You already know this is not where the story ends. We would not have come all this way for a happy one.

The green was real, in the sense that the numbers genuinely were that colour. It was also fiction, in the sense that nothing it described matched what we had been living through. Calls were closed before anything was fixed. Major incidents ran behind a black box where a bridge should have been. Internal teams were neither consulted nor informed. The work was measured by the kilo, not the outcome.

But the metrics were green.

This is the watermelon. Green skin, and underneath, red all the way down. It is not a story about one bad provider. The watermelon comes for everyone with a dashboard, which is to say everyone. The odds are good that yours is sitting in a meeting somewhere right now, looking lovely.

The devil is in the detail, as it always is, and the detail is this: a number with no context is not information. It is a costume. And most incident practices are wearing several.

Take MTTR, the mean time to resolve, possibly the worst number you can love. Most incidents close quickly. Some close slowly. A few never really close at all; they sit open for months, then years, until someone doing a spring clean discovers a ticket old enough to draw a pension and mercifully puts it down. When you take the mean, those ancient zombies shamble back into the calculation and take a bite out of it. A single one can drag the average somewhere it has no business being. They exist in every organisation, and they are lying to you on average.

If you must have a typical value, use the median, and sit a p90 next to it. The median ignores the corpses. The p90 tells you what your bad days actually cost. Between them you get something close to the truth, which is more than the mean has ever offered.
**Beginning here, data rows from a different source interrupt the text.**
lemma sum_inverse_le_one_plus_ln:
  assumes "N \<ge> 1"
  shows "(\<Sum>x = 1..N. 1 / real x) \<le> 1 + ln (real N)"
  using assms
proof (induction N rule: dec_induct)
  case base then show ?case by simp
next
  case (step N)
  have "ln (real N / real (Suc N)) \<le> real N / real (Suc N) - 1"
    using step by (intro ln_le_minus_one) auto
  then have "1 / real (Suc N) \<le> ln (real (Suc N)) - ln (real N)"
    using step by (simp add: ln_div field_simps)
  then show ?case using step by simp
qed

lemma P_poly_variation_near_ln:
  assumes k: "k \<ge> 1" and X: "1 \<le> ln X" "X > 0" and h: "0 \<le> h" "h \<le> 1"
    and t: "ln X \<le> t" "t \<le> ln X + h"
  shows "\<bar>P_poly k X m t - P_poly k X m (ln X)\<bar> \<le> (20 * real k) ^ k / ln X * tuple_weight k (R_k k X) m * h"
proof -
  have X1: "X > 1" using ln_gt_zero_imp_gt_one[of X] X by linarith
  have "\<bar>P_poly k X m t - P_poly k X m (ln X)\<bar>
      \<le> (20 * real k) ^ k / ln X * tuple_weight k (R_k k X) m * \<bar>t - ln X\<bar>"
    using P_poly_bounds(2)[OF X1 k, of t "ln X" m] t X X1 h by auto
  also have "\<dots> \<le> (20 * real k) ^ k / ln X * tuple_weight k (R_k k X) m * h"
  proof (rule mult_left_mono)
    show "0 \<le> (20 * real k) ^ k / ln X * tuple_weight k (R_k k X) m"
      using X X1 by (intro mult_nonneg_nonneg divide_nonneg_nonneg tuple_weight_nonneg) auto
  qed (use t in auto)
  finally show ?thesis .
qed
lemma iterative_nat_solution_unique:
  assumes it: "iterative TYPE(nat) A m" and h: "h \<in> X \<rightarrow> A" and t: "t \<in> X \<rightarrow> X"
    and u1: "u1 \<in> X \<rightarrow> A" "iteration_solution X m h t u1"
    and u2: "u2 \<in> X \<rightarrow> A" "iteration_solution X m h t u2"
    and x: "x \<in> X"
  shows "u1 x = u2 x"
proof -
  have "(\<lambda>n. u1 ((t ^^ n) x)) \<in> UNIV \<rightarrow>\<^sub>E A" "(\<lambda>n. u2 ((t ^^ n) x)) \<in> UNIV \<rightarrow>\<^sub>E A"
    using u1(1) u2(1) funpow_in_funcset[OF t x] by auto
  with iterative_nat_orbit[OF it h t x] iteration_solution_orbit[OF u1(2) t x]
    iteration_solution_orbit[OF u2(2) t x]
  have "(\<lambda>n. u1 ((t ^^ n) x)) = (\<lambda>n. u2 ((t ^^ n) x))" by blast
  from fun_cong[OF this, of 0] show ?thesis by simp
qed

lemma iterative_nat_solution_exists:
  assumes it: "iterative TYPE(nat) A m" and h: "h \<in> X \<rightarrow> A" and t: "t \<in> X \<rightarrow> X"
  obtains u where "u \<in> X \<rightarrow>\<^sub>E A" "iteration_solution X m h t u"
proof
  define orbit_solution where
    "orbit_solution x v \<longleftrightarrow>
      v \<in> UNIV \<rightarrow>\<^sub>E A \<and> iteration_solution UNIV m (\<lambda>n. h ((t ^^ n) x)) Suc v"
    for x v
  define U where "U x = (THE v. orbit_solution x v)" for x
  have U: "orbit_solution x (U x)" if "x \<in> X" for x
    unfolding U_def orbit_solution_def by (rule theI'[OF iterative_nat_orbit[OF it h t that]])
  have U_shift: "U (t x) = (\<lambda>n. U x (Suc n))" if x: "x \<in> X" for x
  proof -
    have tx: "t x \<in> X" using t x by auto
    have "orbit_solution (t x) (\<lambda>n. U x (Suc n))"
      using U[OF x] iteration_solution_shift
      by (fastforce simp: orbit_solution_def funpow_swap1)
    then show ?thesis
      unfolding U_def orbit_solution_def
      by (rule the1_equality[OF iterative_nat_orbit[OF it h t tx]])
  qed
  show "restrict (\<lambda>x. U x 0) X \<in> X \<rightarrow>\<^sub>E A"
    using U by (auto simp: orbit_solution_def)
  show "iteration_solution X m h t (restrict (\<lambda>x. U x 0) X)"
  proof (rule iteration_solutionI)
    fix x assume x: "x \<in> X"
    have "iteration_solution UNIV m (\<lambda>n. h ((t ^^ n) x)) Suc (U x)"
      using U[OF x] by (simp add: orbit_solution_def)
    from iteration_solutionD[OF this UNIV_I, of 0]
    have "U x 0 = m (h x) (U x (Suc 0))" by simp
    with x t U_shift[OF x]
    show "restrict (\<lambda>x. U x 0) X x = m (h x) (restrict (\<lambda>x. U x 0) X (t x))"
      by auto
  qed
qed

lemma iteration_solution_pairs:
  assumes A: "midpoint_set A m" and h: "h \<in> S \<rightarrow> A" and t: "t \<in> S \<rightarrow> S"
    and g: "g \<in> S \<rightarrow> A" and sol: "iteration_solution S m h t g"
  shows "iteration_solution (S \<times> S) m (\<lambda>(r, s). m (h r) (h s)) (map_prod t t)
    (\<lambda>(r, s). m (g r) (g s))"
proof (rule iteration_solutionI, clarify)
  fix r s assume rs: "r \<in> S" "s \<in> S"
  then have "t r \<in> S" "t s \<in> S" using t by auto
  then have "m (m (h r) (g (t r))) (m (h s) (g (t s))) =
      m (m (h r) (h s)) (m (g (t r)) (g (t s)))"
    using rs h g by (blast intro: midpoint_set_medial[OF A])
  then show "m (g r) (g s) =
      m (m (h r) (h s)) (case map_prod t t (r, s) of (r, s) \<Rightarrow> m (g r) (g s))"
    using iteration_solutionD[OF sol rs(1)] iteration_solutionD[OF sol rs(2)] by simp
qed

section \<open>The real interval\<close>

lemma midpoint_set_interval: "midpoint_set {a..b} (\<lambda>x y. (x + y) / (2::real))"
  by (auto simp: midpoint_set_def field_simps)

lemma cancellative_real_midpoint: "cancellative S (\<lambda>x y. (x + y) / (2::real))"
  by (simp add: cancellative_def)
(* Assume the standing hypotheses described in the context. Take $0\le\theta\le\Theta$ and $N_\theta\in\mathcal N_\theta$. Then for any $(t,\varepsilon)\in\Omega$ and $x\in K(t,\varepsilon)$, \[N_\theta(K(t,\varepsilon))\subset K(n_\theta(t,\varepsilon))\subset K,\qquad \|N_\theta(x)-x\|\le t_+-t,\] where $t_+$ is the first component of $n_\theta(t,\varepsilon)$. Moreover, $n_\theta(\Omega)\subset\Omega$ and $N_\theta(K)\subset K$.
   Context: Standing hypotheses: $\mathbb X,\mathbb Y$ are Banach spaces; $B(x,r)$ is the open ball. $R\in\mathbb R$, $C\subseteq\mathbb X$, $F:C\to\mathbb Y$ is continuous and continuously differentiable on $\mathrm{int}(C)$, $x_0\in\mathrm{int}(C)$ with $F'(x_0)$ non-singular, $f:[0,R)\to\mathbb R$ is continuously differentiable, $B(x_0,R)\subseteq C$, $\|F'(x_0)^{-1}[F'(y)-F'(x)]\|\le f'(\|y-x\|+\|x-x_0\|)-f'(\|x-x_0\|)$ for all $x,y\in B(x_0,R)$ with $\|x-x_0\|+\|y-x\|<R$, $\|F'(x_0)^{-1}F(x_0)\|\le f(0)$, and (h1) $f(0)>0$, $f'(0)=-1$; (h2) $f'$ is strictly increasing and convex; (h3) $f(t)<0$ for some $t\in(0,R)$. Notation: $\bar t:=\sup\{t\in[0,R):f'(t)<0\}$, $\kappa:=\sup_{0<t<R}\frac{-f(t)}{t}$, $\lambda:=\sup\{t\in[0,R):\kappa+f'(t)<0\}$, $\Theta:=\kappa/(2-\kappa)$. For $\theta\ge0$, $n_\theta:[0,\bar t)\times[0,\infty)\to\mathbb R^2$, $n_\theta(t,\varepsilon):=\big(t-(1+\theta)\frac{f(t)+\varepsilon}{f'(t)},\ \varepsilon+2\theta(f(t)+\varepsilon)\big)$. $\Omega:=\{(t,\varepsilon)\in\mathbb R^2:0\le t<\lambda,\ 0\le\varepsilon\le\kappa t,\ 0<f(t)+\varepsilon\}$. $K(t,\varepsilon):=\{x:\|x-x_0\|\le t,\ \|F'(x_0)^{-1}F(x)\|\le f(t)+\varepsilon\}$ and $K:=\bigcup_{(t,\varepsilon)\in\Omega}K(t,\varepsilon)$. $\mathcal N_\theta$ is the family of maps $N:B(x_0,\bar t)\to\mathbb X$ such that $\|F'(x_0)^{-1}[F(x)+F'(x)(N(x)-x)]\|\le\theta\|F'(x_0)^{-1}F(x)\|$ for each $x\in B(x_0,\bar t)$. *)

theory Defs
  imports "HOL-Analysis.Analysis"
begin

definition tbar :: "(real \<Rightarrow> real) \<Rightarrow> real \<Rightarrow> real" where
  "tbar f' R = Sup {t \<in> {0..<R}. f' t < 0}"

definition kappa :: "(real \<Rightarrow> real) \<Rightarrow> real \<Rightarrow> real" where
  "kappa f R = Sup ((\<lambda>t. - f t / t) ` {0<..<R})"

definition lam :: "(real \<Rightarrow> real) \<Rightarrow> (real \<Rightarrow> real) \<Rightarrow> real \<Rightarrow> real" where
  "lam f f' R = Sup {t \<in> {0..<R}. kappa f R + f' t < 0}"

definition Theta :: "(real \<Rightarrow> real) \<Rightarrow> real \<Rightarrow> real" where
  "Theta f R = kappa f R / (2 - kappa f R)"

definition n_theta :: "(real \<Rightarrow> real) \<Rightarrow> (real \<Rightarrow> real) \<Rightarrow> real \<Rightarrow> real \<times> real \<Rightarrow> real \<times> real" where
  "n_theta f f' \<theta> p = (case p of (t, \<epsilon>) \<Rightarrow>
      (t - (1 + \<theta>) * (f t + \<epsilon>) / f' t, \<epsilon> + 2 * \<theta> * (f t + \<epsilon>)))"

definition Omega :: "(real \<Rightarrow> real) \<Rightarrow> (real \<Rightarrow> real) \<Rightarrow> real \<Rightarrow> (real \<times> real) set" where
  "Omega f f' R = {(t, \<epsilon>). 0 \<le> t \<and> t < lam f f' R \<and> 0 \<le> \<epsilon> \<and> \<epsilon> \<le> kappa f R * t \<and> 0 < f t + \<epsilon>}"

text \<open>K(t,eps); Finv stands for the inverse of F'(x0).\<close>

definition Kset :: "('b::real_normed_vector \<Rightarrow>\<^sub>L 'a::real_normed_vector) \<Rightarrow> ('a \<Rightarrow> 'b) \<Rightarrow> 'a \<Rightarrow> (real \<Rightarrow> real) \<Rightarrow> real \<times> real \<Rightarrow> 'a set" where
  "Kset Finv F x0 f p = (case p of (t, \<epsilon>) \<Rightarrow>
      {x. norm (x - x0) \<le> t \<and> norm (blinfun_apply Finv (F x)) \<le> f t + \<epsilon>})"

definition Kall :: "('b::real_normed_vector \<Rightarrow>\<^sub>L 'a::real_normed_vector) \<Rightarrow> ('a \<Rightarrow> 'b) \<Rightarrow> 'a \<Rightarrow> (real \<Rightarrow> real) \<Rightarrow> (real \<Rightarrow> real) \<Rightarrow> real \<Rightarrow> 'a set" where
  "Kall Finv F x0 f f' R = (\<Union>p \<in> Omega f f' R. Kset Finv F x0 f p)"

definition Nfamily :: "('b::real_normed_vector \<Rightarrow>\<^sub>L 'a::real_normed_vector) \<Rightarrow> ('a \<Rightarrow> 'b) \<Rightarrow> ('a \<Rightarrow> ('a \<Rightarrow>\<^sub>L 'b)) \<Rightarrow> 'a \<Rightarrow> real \<Rightarrow> real \<Rightarrow> ('a \<Rightarrow> 'a) set" where
  "Nfamily Finv F F' x0 tb \<theta> = {N. \<forall>x \<in> ball x0 tb.
      norm (blinfun_apply Finv (F x + blinfun_apply (F' x) (N x - x))) \<le> \<theta> * norm (blinfun_apply Finv (F x))}"

end

theory Submission
  imports Defs
begin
Then there is time to detect, which depends entirely on what your organisation thinks detecting means. Measure only when the alert first fired and you will never learn that Bob did not look at it for three hours, being occupied with a coffee and a croissant. Measure only when Bob finally looked, and Bob becomes a hero for noticing a fire the building had been advertising since breakfast. You need both. The gap between the alert and the human is the whole story, and either number alone hides half of it.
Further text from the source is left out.